** Provided records follows **
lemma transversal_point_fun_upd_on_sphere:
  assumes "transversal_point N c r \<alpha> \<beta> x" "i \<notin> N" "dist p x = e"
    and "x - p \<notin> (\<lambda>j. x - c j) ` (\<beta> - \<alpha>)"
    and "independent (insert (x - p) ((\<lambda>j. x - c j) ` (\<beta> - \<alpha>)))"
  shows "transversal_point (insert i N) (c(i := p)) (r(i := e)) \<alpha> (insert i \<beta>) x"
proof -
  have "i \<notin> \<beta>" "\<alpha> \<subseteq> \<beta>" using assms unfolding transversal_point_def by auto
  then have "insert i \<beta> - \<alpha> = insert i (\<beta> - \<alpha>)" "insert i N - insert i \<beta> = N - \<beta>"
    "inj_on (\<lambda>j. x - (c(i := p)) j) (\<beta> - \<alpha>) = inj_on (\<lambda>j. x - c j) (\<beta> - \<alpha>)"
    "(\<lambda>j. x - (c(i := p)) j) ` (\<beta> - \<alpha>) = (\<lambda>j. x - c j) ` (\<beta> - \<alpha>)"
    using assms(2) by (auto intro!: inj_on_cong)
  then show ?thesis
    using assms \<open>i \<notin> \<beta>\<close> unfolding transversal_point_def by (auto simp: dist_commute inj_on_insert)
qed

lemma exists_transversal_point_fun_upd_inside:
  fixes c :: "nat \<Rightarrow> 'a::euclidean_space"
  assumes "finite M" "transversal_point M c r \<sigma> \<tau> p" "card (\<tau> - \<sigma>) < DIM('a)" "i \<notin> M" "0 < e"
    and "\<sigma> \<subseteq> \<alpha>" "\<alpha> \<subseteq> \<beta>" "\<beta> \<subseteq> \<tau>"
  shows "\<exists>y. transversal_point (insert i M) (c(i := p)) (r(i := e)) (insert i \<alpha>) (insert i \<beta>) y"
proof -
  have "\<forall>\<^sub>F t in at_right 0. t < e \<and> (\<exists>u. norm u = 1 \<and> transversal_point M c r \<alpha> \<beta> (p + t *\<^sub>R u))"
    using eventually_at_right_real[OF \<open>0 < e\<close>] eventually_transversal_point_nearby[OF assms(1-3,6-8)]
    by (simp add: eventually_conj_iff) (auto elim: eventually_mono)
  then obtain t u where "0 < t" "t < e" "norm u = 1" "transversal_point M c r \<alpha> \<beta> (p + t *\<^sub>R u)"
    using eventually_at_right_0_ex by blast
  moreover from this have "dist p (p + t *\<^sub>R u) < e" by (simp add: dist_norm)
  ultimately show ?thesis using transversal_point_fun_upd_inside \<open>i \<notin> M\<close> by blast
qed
** End of Provided records **
** Provided records follows **
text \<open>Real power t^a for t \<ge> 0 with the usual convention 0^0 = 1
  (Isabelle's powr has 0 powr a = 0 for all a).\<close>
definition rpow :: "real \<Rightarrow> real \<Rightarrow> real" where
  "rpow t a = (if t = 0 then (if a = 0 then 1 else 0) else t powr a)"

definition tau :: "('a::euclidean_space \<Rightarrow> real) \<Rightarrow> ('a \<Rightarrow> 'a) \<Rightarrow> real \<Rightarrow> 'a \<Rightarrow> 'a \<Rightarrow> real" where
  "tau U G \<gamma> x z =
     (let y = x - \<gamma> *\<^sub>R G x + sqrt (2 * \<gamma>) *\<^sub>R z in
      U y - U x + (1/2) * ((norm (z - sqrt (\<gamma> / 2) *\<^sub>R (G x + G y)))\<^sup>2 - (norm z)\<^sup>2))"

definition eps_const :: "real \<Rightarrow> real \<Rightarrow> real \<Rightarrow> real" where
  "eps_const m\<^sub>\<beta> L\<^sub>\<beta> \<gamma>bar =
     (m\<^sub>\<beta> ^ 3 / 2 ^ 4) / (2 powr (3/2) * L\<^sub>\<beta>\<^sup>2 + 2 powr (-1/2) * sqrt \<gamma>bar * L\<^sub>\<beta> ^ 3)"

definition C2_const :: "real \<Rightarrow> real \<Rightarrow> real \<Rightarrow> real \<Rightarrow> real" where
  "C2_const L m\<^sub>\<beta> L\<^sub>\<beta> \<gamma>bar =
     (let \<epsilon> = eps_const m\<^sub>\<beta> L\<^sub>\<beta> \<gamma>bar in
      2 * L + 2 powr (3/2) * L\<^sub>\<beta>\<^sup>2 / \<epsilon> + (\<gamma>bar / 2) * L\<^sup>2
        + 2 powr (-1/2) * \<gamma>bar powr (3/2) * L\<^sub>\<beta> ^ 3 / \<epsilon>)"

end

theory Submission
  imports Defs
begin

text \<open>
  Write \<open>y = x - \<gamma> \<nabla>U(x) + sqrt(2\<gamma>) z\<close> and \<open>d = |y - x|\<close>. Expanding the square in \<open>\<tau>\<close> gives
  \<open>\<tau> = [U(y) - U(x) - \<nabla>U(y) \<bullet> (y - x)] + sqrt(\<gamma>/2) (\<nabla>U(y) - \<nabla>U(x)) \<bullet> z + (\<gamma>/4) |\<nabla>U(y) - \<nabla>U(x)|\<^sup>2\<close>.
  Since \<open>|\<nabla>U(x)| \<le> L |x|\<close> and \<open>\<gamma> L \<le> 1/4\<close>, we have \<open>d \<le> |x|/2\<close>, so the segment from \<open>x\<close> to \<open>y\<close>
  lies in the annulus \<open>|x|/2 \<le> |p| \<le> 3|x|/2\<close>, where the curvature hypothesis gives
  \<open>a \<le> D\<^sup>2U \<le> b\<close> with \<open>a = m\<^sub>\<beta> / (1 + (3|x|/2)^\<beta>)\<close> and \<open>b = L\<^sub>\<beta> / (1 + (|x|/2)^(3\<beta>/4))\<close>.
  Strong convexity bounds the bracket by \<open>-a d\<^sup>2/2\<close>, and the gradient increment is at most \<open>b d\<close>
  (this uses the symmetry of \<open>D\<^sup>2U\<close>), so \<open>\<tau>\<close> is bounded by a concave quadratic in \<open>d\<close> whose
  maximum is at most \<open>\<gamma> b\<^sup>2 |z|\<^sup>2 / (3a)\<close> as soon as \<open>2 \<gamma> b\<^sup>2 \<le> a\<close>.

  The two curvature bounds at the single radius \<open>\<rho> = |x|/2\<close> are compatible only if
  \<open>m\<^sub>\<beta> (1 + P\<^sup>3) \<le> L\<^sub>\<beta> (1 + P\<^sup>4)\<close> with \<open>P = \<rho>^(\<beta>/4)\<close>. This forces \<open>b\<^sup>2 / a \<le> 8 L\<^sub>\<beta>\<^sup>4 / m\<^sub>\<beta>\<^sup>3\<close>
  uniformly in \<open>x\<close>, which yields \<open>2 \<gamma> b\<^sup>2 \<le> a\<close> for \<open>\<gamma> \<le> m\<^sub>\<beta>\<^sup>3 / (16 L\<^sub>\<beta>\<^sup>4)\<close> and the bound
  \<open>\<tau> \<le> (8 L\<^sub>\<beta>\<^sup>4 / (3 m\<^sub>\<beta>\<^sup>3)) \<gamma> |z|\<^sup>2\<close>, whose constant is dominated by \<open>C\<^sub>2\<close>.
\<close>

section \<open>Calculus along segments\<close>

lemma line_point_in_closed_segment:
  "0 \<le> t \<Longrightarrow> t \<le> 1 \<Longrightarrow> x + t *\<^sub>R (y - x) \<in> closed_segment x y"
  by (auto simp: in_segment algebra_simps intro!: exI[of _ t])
** End of Provided records **
**Try it:** From the records above, transcribe exactly the run of lines that opens with the line holding "2 * L + 2 powr" and closes with the line holding "Strong convexity bounds", both included.

**Response:**
      2 * L + 2 powr (3/2) * L\<^sub>\<beta>\<^sup>2 / \<epsilon> + (\<gamma>bar / 2) * L\<^sup>2
        + 2 powr (-1/2) * \<gamma>bar powr (3/2) * L\<^sub>\<beta> ^ 3 / \<epsilon>)"

end

theory Submission
  imports Defs
begin

text \<open>
  Write \<open>y = x - \<gamma> \<nabla>U(x) + sqrt(2\<gamma>) z\<close> and \<open>d = |y - x|\<close>. Expanding the square in \<open>\<tau>\<close> gives
  \<open>\<tau> = [U(y) - U(x) - \<nabla>U(y) \<bullet> (y - x)] + sqrt(\<gamma>/2) (\<nabla>U(y) - \<nabla>U(x)) \<bullet> z + (\<gamma>/4) |\<nabla>U(y) - \<nabla>U(x)|\<^sup>2\<close>.
  Since \<open>|\<nabla>U(x)| \<le> L |x|\<close> and \<open>\<gamma> L \<le> 1/4\<close>, we have \<open>d \<le> |x|/2\<close>, so the segment from \<open>x\<close> to \<open>y\<close>
  lies in the annulus \<open>|x|/2 \<le> |p| \<le> 3|x|/2\<close>, where the curvature hypothesis gives
  \<open>a \<le> D\<^sup>2U \<le> b\<close> with \<open>a = m\<^sub>\<beta> / (1 + (3|x|/2)^\<beta>)\<close> and \<open>b = L\<^sub>\<beta> / (1 + (|x|/2)^(3\<beta>/4))\<close>.
  Strong convexity bounds the bracket by \<open>-a d\<^sup>2/2\<close>, and the gradient increment is at most \<open>b d\<close>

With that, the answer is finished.